===== Stored data
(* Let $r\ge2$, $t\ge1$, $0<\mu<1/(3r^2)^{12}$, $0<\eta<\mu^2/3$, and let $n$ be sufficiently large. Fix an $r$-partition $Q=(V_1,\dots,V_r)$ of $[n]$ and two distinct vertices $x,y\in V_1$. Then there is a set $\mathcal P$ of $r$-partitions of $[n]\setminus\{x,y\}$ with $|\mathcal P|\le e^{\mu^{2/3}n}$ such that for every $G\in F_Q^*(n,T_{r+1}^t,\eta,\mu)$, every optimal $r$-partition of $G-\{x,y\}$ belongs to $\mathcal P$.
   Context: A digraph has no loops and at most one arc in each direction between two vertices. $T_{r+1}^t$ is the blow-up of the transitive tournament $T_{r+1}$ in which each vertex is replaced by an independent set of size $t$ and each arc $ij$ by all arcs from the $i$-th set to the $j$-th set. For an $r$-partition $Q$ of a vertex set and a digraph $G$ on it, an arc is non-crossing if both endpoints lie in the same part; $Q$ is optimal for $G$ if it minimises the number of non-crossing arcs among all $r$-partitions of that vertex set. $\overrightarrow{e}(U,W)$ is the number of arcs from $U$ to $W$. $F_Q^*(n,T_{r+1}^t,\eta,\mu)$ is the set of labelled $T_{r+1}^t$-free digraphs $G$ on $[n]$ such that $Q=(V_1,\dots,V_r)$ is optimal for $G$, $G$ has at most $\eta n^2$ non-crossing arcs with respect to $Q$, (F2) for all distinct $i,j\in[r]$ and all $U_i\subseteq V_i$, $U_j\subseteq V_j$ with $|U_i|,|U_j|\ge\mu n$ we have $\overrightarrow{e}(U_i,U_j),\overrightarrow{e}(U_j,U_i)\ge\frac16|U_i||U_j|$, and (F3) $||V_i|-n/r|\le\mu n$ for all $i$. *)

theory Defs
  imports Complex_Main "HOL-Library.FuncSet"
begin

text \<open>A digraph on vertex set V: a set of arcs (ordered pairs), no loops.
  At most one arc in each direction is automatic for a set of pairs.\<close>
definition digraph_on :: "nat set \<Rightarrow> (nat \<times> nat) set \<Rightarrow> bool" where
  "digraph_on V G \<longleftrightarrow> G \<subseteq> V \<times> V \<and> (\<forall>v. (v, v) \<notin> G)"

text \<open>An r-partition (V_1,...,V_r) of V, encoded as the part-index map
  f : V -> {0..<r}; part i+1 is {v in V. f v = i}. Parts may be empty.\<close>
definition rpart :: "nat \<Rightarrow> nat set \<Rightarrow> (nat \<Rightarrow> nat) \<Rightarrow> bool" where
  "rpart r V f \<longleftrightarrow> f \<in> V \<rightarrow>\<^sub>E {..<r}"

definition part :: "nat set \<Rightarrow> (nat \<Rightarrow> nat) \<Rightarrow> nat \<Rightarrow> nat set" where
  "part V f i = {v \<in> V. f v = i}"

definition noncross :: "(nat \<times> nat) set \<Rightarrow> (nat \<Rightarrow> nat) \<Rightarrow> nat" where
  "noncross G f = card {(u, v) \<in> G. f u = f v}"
==========
===== Stored data
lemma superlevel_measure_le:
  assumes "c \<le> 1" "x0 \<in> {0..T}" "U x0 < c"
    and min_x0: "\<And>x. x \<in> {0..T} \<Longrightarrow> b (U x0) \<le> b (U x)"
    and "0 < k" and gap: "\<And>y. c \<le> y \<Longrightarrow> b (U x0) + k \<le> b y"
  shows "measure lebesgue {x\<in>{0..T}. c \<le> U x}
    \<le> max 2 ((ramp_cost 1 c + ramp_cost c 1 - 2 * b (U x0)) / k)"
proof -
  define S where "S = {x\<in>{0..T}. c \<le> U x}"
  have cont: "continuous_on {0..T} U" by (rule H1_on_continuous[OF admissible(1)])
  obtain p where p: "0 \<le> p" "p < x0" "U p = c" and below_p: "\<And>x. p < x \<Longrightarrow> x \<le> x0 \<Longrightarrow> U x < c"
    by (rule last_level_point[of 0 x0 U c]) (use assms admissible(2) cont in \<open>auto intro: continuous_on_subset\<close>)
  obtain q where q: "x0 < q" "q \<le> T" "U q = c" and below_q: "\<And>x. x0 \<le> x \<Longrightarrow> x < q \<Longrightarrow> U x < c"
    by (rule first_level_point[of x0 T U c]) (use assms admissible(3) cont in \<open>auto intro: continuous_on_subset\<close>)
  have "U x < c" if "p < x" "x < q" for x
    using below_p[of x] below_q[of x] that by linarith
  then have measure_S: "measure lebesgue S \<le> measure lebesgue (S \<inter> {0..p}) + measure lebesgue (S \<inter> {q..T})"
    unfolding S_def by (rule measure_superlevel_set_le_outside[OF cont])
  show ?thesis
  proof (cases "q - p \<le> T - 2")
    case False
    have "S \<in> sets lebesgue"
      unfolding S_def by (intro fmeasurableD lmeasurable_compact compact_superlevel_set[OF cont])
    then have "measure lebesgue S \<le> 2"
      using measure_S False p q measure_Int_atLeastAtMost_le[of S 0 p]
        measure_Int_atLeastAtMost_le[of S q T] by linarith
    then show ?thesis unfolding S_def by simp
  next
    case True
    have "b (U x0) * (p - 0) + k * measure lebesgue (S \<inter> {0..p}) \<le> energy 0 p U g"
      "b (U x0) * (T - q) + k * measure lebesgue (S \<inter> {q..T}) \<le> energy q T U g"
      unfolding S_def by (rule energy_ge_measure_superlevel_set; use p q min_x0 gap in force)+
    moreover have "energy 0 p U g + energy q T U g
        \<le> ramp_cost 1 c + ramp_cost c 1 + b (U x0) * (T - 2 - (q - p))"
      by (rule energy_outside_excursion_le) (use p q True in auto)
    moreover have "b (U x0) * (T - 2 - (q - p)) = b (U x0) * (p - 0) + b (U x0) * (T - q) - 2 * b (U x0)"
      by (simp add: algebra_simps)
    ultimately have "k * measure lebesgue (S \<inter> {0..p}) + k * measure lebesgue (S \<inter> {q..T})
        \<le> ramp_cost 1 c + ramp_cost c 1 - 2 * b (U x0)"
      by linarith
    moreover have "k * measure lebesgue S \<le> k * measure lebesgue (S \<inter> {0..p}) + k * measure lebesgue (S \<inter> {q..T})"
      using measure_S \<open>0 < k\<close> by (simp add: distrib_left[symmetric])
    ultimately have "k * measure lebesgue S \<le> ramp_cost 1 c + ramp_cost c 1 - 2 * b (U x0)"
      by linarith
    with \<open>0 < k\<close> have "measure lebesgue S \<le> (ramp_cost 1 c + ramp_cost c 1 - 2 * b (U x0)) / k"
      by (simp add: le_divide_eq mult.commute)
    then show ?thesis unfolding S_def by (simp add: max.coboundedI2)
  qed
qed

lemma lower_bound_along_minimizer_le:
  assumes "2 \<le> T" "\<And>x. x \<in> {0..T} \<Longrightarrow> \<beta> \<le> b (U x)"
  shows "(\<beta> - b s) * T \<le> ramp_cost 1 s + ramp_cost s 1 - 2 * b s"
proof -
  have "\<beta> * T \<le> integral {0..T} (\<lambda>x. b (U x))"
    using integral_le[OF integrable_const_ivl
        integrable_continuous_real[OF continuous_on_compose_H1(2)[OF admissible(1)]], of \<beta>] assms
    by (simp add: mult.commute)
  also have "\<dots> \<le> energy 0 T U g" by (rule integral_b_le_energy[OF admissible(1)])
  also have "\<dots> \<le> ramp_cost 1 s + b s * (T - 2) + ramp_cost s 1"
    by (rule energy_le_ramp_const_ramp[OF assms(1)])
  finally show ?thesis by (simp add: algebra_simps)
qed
==========
Among the lines above, which hold the word "commute"? Report each one.

Solution below
      by (simp add: le_divide_eq mult.commute)
    by (simp add: mult.commute)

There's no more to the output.